The season opens with the death of Declan Flynn, a quiet, unassuming 31-year-old who was beaten to death in 1982, in Fairview Park in Dublin, by five teenagers in a crime labelled in reports – and in the trial – as “queer bashing”. There were two scandals: Flynn’s death and the sentences handed down to the teenagers. All walked free, and the implication from the tone in the court was that anyone could understand why they did it. A single man in a park known to be a gay pick-up place? Well of course. It’s just that the lads went too far.

The death was taken up by the fledging gay community, and Flynn became a figurehead. There were protests, which were tiny compared with this year’s gay-rights marches, but they had an impact. Questions about the sentencing were asked in the Dáil. Sen David Norris recalls that he had seen Flynn at a gay disco and in a Dublin gay bar and, in effect, outed him posthumously – something he says he was criticised for at the time but for which he has no remorse.

Flynn’s brother and sister are interviewed, both dignified and quiet, making the point that, for them, he wasn’t a gay cause – he hadn’t come out to his family, so they knew nothing of that, true or not. They say that his identity – as a man, a brother and a son – has been lost in this scandalous story of injustice. The Flynn family’s home movies of Declan as a boy make the story all the more poignant.

Maggie O’Kane, who reported on it at the time, remarks that the five teenagers (who celebrated publicly when they were given suspended sentences, so avoiding jail) were reflecting a prevalent attitude in the grim Ireland of the 1980s. That’s a lot of food for thought in a scant 30 minutes.

Ones to Watch: The filthy rich, now and then

In Ireland’s Great Wealth Divide (Monday, RTÉ One) David McWilliams, our own version of Thomas Piketty, looks at this age of hypercapitalism, in which the ultrarich get even richer while the rest of us feel worse off than ever. Highlighting the growing wealth inequality in Ireland (expect your blood pressure to soar), McWilliams explains why it is happening, what we can do about it – and the dangers of doing nothing.

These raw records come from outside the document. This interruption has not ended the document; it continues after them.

text \<open>Weak solution of  d/dt f = Q_eps[J(f)] f  on [0,\<infinity>): each f t is a probability
  density, f is jointly measurable, has locally-in-time integrable moments of the order
  needed by the drift (1 + x^2 + v^4), and for every test function
  int phi f_t = int phi f_0 + int_0^t int f_s (-A phi_x - B(.;eps,J(f_s)) phi_v + phi_vv).\<close>

definition is_solution :: "real \<Rightarrow> real \<Rightarrow> real \<Rightarrow> real \<Rightarrow> real \<Rightarrow>
    (real \<Rightarrow> real \<times> real \<Rightarrow> real) \<Rightarrow> bool" where
  "is_solution a b lam I0 eps f \<longleftrightarrow>
     (\<forall>t\<ge>0. prob_density (f t))
   \<and> (\<lambda>(s, z). f s z) \<in> borel_measurable (lborel :: (real \<times> (real \<times> real)) measure)
   \<and> (\<forall>T\<ge>0. set_integrable (lborel :: (real \<times> (real \<times> real)) measure) ({0..T} \<times> UNIV)
          (\<lambda>(s, z). (1 + (fst z)^2 + (snd z)^4) * f s z))
   \<and> (\<forall>phi phix phiv phivv. test_fun phi phix phiv phivv \<longrightarrow>
        (\<forall>t\<ge>0. (\<integral>z. phi z * f t z \<partial>lborel) =
            (\<integral>z. phi z * f 0 z \<partial>lborel)
          + (\<integral>s\<in>{0..t}. (\<integral>z. f s z * (- Acoef a b z * phix z
                 - Bcoef lam I0 eps (Jf (f s)) z * phiv z + phivv z) \<partial>lborel) \<partial>lborel)))"

end

theory Submission
  imports Defs
begin

text \<open>For the moment \<open>m(t) = \<integral> f\<^sub>t M\<close> one has, formally, \<open>m' = \<integral> f\<^sub>t Q\<^sup>*M\<close>, where
  \<open>Q\<^sup>*M = -A x - B v + 1\<close> is a quartic polynomial whose leading part is \<open>-a x\<^sup>2 - v\<^sup>4\<close>. Young's
  inequality gives \<open>Q\<^sup>*M \<le> C - a M\<close> pointwise, up to the term \<open>\<epsilon> J v\<close> coming from the mean field,
  which integrates to \<open>-\<epsilon> J\<^sup>2 \<le> 0\<close>. Hence \<open>m' \<le> C - a m\<close> and \<open>m\<close> never exceeds \<open>max (C/a) (m 0)\<close>;
  moreover \<open>|J(f\<^sub>t)| \<le> \<integral> |v| f\<^sub>t \<le> m(t)\<close>. To make this rigorous, the weak formulation is tested
  with the compactly supported truncations \<open>R \<cdot> ramp (M/R)\<close> of \<open>M\<close>, and \<open>R \<rightarrow> \<infinity>\<close> is taken by
  dominated convergence in \<open>(t, x, v)\<close>, using that the solution has finite moments
  \<open>\<integral> (1 + x\<^sup>2 + v\<^sup>4) f\<^sub>s\<close> for almost every \<open>s\<close>; Fatou's lemma shows that \<open>f\<^sub>t M\<close> is integrable.\<close>

lemma borel_measurable_snd_real [measurable]: "(snd :: real \<times> real \<Rightarrow> real) \<in> borel_measurable borel"
  by (intro borel_measurable_continuous_onI continuous_intros)

lemma borel_measurable_comp_snd [measurable]:
  fixes g :: "real \<times> real \<Rightarrow> real"
  shows "g \<in> borel_measurable borel \<Longrightarrow> (\<lambda>x. g (snd x)) \<in> borel_measurable (lborel \<Otimes>\<^sub>M lborel)"
  using measurable_compose[OF measurable_snd, of g lborel lborel] by simp

lemma has_real_derivative_glue:
  fixes g h g' h' :: "real \<Rightarrow> real"
  assumes g: "\<And>x. (g has_real_derivative g' x) (at x)"
    and h: "\<And>x. (h has_real_derivative h' x) (at x)"
    and eq: "g c = h c" "g' c = h' c"
  shows "((\<lambda>x. if x \<le> c then g x else h x) has_real_derivative
            (if x \<le> c then g' x else h' x)) (at x)"
proof -
  let ?F = "\<lambda>x. if x \<le> c then g x else h x"
  consider "x < c" | "x = c" | "x > c" by linarith
  then show ?thesis
  proof cases
    case 1
    have "(?F has_real_derivative g' x) (at x)"
      by (rule has_field_derivative_transform_within_open[OF g, where S="{..<c}"]) (use 1 in auto)
    then show ?thesis using 1 by simp
  next
    case 2
    have "((\<lambda>y. (g y - g c) / (y - c)) \<longlongrightarrow> g' c) (at_left c)"
      using g[of c] by (auto simp: has_field_derivative_iff intro: filterlim_mono at_le)
    then have "((\<lambda>y. (?F y - ?F c) / (y - c)) \<longlongrightarrow> g' c) (at_left c)"
      by (rule Lim_transform_eventually) (auto simp: eventually_at_filter)
    moreover have "((\<lambda>y. (h y - h c) / (y - c)) \<longlongrightarrow> g' c) (at_right c)"
      using h[of c] eq by (auto simp: has_field_derivative_iff intro: filterlim_mono at_le)
    then have "((\<lambda>y. (?F y - ?F c) / (y - c)) \<longlongrightarrow> g' c) (at_right c)"
      by (rule Lim_transform_eventually) (use eq in \<open>auto simp: eventually_at_filter\<close>)
    ultimately show ?thesis
      using 2 by (simp add: has_field_derivative_iff filterlim_split_at)
  qed (auto intro: has_field_derivative_transform_within_open[OF h, where S="{c<..}"])
qed
lemma X_subset_f_X: "X \<subseteq> f ` X"
proof -
  have "closed (f ` X)"
    using continuous_on_subset[OF continuous_on_f X_subset_Times_UNIV] compact_X
    by (intro compact_imp_closed compact_continuous_image)
  moreover have "f ` graph \<subseteq> f ` X"
    unfolding X_eq_closure by (intro image_mono closure_subset)
  ultimately have "closure (f ` graph) \<subseteq> f ` X"
    by (rule closure_minimal[rotated])
  moreover have "closure graph \<subseteq> closure (f ` graph)"
    by (rule closure_minimal[OF graph_subset_closure_f_image closed_closure])
  ultimately show ?thesis
    unfolding X_eq_closure by (rule order_trans[rotated])
qed

lemma f_X_eq: "f ` X = X"
  using f_X_subset X_subset_f_X by blast

lemma fst_orbit_eq_zpow:
  assumes orbit_in_X: "\<And>k. y k \<in> X" and orbit_step: "\<And>k. f (y k) = y (k + 1)"
  shows "fst (y k) = zpow T Tinv k (fst (y 0))"
proof (rule orbit_eq_zpow[OF homeo])
  show "fst (y k) \<in> C" for k
    using orbit_in_X[of k] X_subset by auto
  show "fst (y (k + 1)) = T (fst (y k))" for k
    using fst_f[of "y k"] orbit_step[of k] by simp
qed

lemma graph_subset_closure_orbit:
  assumes "x \<in> C" and "x \<noteq> x0" and "m \<ge> 1"
    and orbit_in_X: "\<And>k. y k \<in> X" and fst_y: "\<And>k. fst (y k) = zpow T Tinv k x"
  shows "graph \<subseteq> closure {y (int m * k) | k. True}"
proof
  fix p
  assume "p \<in> graph"
  then obtain z where p: "p = (z, N z mod 2)" and "z \<in> U"
    by blast
  show "p \<in> closure {y (int m * k) | k. True}"
    unfolding p mem_closure_Times_discrete_iff
  proof (intro allI impI)
    fix e :: real
    assume "e > 0"
    obtain e0 where "e0 > 0" and e0: "\<And>w. w \<in> C \<Longrightarrow> dist w z < e0 \<Longrightarrow> w \<in> U \<and> N w = N z"
      using N_locally_constant[OF \<open>z \<in> U\<close>] by blast
    have "z \<in> closure {zpow T Tinv (int m * k) x | k. True}"
      using minimal[OF assms(1-3)] \<open>z \<in> U\<close> U_subset by auto
    moreover have "min e e0 > 0"
      using \<open>e > 0\<close> \<open>e0 > 0\<close> by simp
    ultimately obtain k where close: "dist (zpow T Tinv (int m * k) x) z < min e e0"
      unfolding closure_approachable by blast
    define q where "q = zpow T Tinv (int m * k) x"
    have "q \<in> U" and "N q = N z"
      using e0 close zpow_in_homeomorphism[OF homeo \<open>x \<in> C\<close>] by (auto simp: q_def)
    have y_eq: "y (int m * k) = (q, snd (y (int m * k)))"
      by (simp add: prod_eq_iff q_def fst_y)
    have "(q, snd (y (int m * k))) \<in> X"
      unfolding y_eq[symmetric] by (rule orbit_in_X)
    then have "snd (y (int m * k)) = N z mod 2"
      using X_fibre_over_U[OF _ \<open>q \<in> U\<close>] \<open>N q = N z\<close> by simp
    then have "(q, N z mod 2) \<in> {y (int m * k) | k. True}"
      using y_eq by (intro CollectI exI[of _ k]) simp
    moreover have "dist q z < e"
      using close by (simp add: q_def)
    ultimately show "\<exists>v. (v, N z mod 2) \<in> {y (int m * k) | k. True} \<and> dist v z < e"
      by blast
  qed
qed

lemma orbit_dense:
  assumes "(x, i) \<in> X" and "x \<noteq> x0" and "m \<ge> 1"
    and orbit_in_X: "\<And>k. y k \<in> X" and "y 0 = (x, i)" and orbit_step: "\<And>k. f (y k) = y (k + 1)"
  shows "closure {y (int m * k) | k. True} = X"
proof
  have "x \<in> C"
    using assms(1) X_subset by auto
  have "fst (y k) = zpow T Tinv k x" for k
    using fst_orbit_eq_zpow[of y, OF orbit_in_X orbit_step] \<open>y 0 = (x, i)\<close> by simp
  then have "graph \<subseteq> closure {y (int m * k) | k. True}"
    by (rule graph_subset_closure_orbit[OF \<open>x \<in> C\<close> assms(2,3) orbit_in_X])
  then show "X \<subseteq> closure {y (int m * k) | k. True}"
    unfolding X_eq_closure by (simp add: closure_minimal)
  show "closure {y (int m * k) | k. True} \<subseteq> X"
    using orbit_in_X unfolding X_eq_closure by (intro closure_minimal) auto
qed

end

theorem lemma7p3:
  fixes T Tinv :: "real \<Rightarrow> real" and x0 :: real and A B :: "real set"
  assumes homeo: "homeomorphism cantor_set cantor_set T Tinv"
    and fix0: "x0 \<in> cantor_set" "T x0 = x0"
    and fix_unique: "\<And>x. x \<in> cantor_set \<Longrightarrow> T x = x \<Longrightarrow> x = x0"
    and minimal: "\<And>x m. x \<in> cantor_set \<Longrightarrow> x \<noteq> x0 \<Longrightarrow> m \<ge> (1::nat) \<Longrightarrow>
         cantor_set \<subseteq> closure {zpow T Tinv (int m * k) x | k::int. True}"
    and part: "A \<union> B = cantor_set" "A \<inter> B = {}"
    and A_clopen: "openin (top_of_set cantor_set) A" "closedin (top_of_set cantor_set) A"
    and B_clopen: "openin (top_of_set cantor_set) B" "closedin (top_of_set cantor_set) B"
    and x0A: "x0 \<in> A"
  shows "skew_f A T ` X_set Tinv B = X_set Tinv B \<and>
    (\<forall>x i. (x, i) \<in> X_set Tinv B \<longrightarrow> x \<noteq> x0 \<longrightarrow>
      (\<forall>m::nat. m \<ge> 1 \<longrightarrow>
        (\<forall>y :: int \<Rightarrow> real \<times> nat.
           (\<forall>k. y k \<in> X_set Tinv B) \<and> y 0 = (x, i) \<and> (\<forall>k. skew_f A T (y k) = y (k + 1))
           \<longrightarrow> closure {y (int m * k) | k. True} = X_set Tinv B)))"
proof -
  interpret skew_extension T Tinv x0 A B
    by unfold_locales (fact homeo minimal part A_clopen(1) B_clopen(1) x0A)+
  show ?thesis
  proof (intro conjI allI impI)
    show "f ` X = X"
      by (rule f_X_eq)
  next
    fix x i and m :: nat and y :: "int \<Rightarrow> real \<times> nat"
    assume "(x, i) \<in> X" "x \<noteq> x0" "1 \<le> m"
      and "(\<forall>k. y k \<in> X) \<and> y 0 = (x, i) \<and> (\<forall>k. f (y k) = y (k + 1))"
    then show "closure {y (int m * k) | k. True} = X"
      using orbit_dense[of x i m y] by blast
  qed
qed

It’s the final series of the cultural phenomenon Downtown Abbey (Sunday, ITV; Tuesday, TV3, featuring Hugh Bonneville, left). Will poker-stiff Mary finally find love among her many suitors? Will Dowager Grantham (who must be 110 by now) keel over under the weight of all those quips? Will Mr Carson and Mrs Hughes get together below stairs? These and other soapy questions will all be answered . . . by Christmas.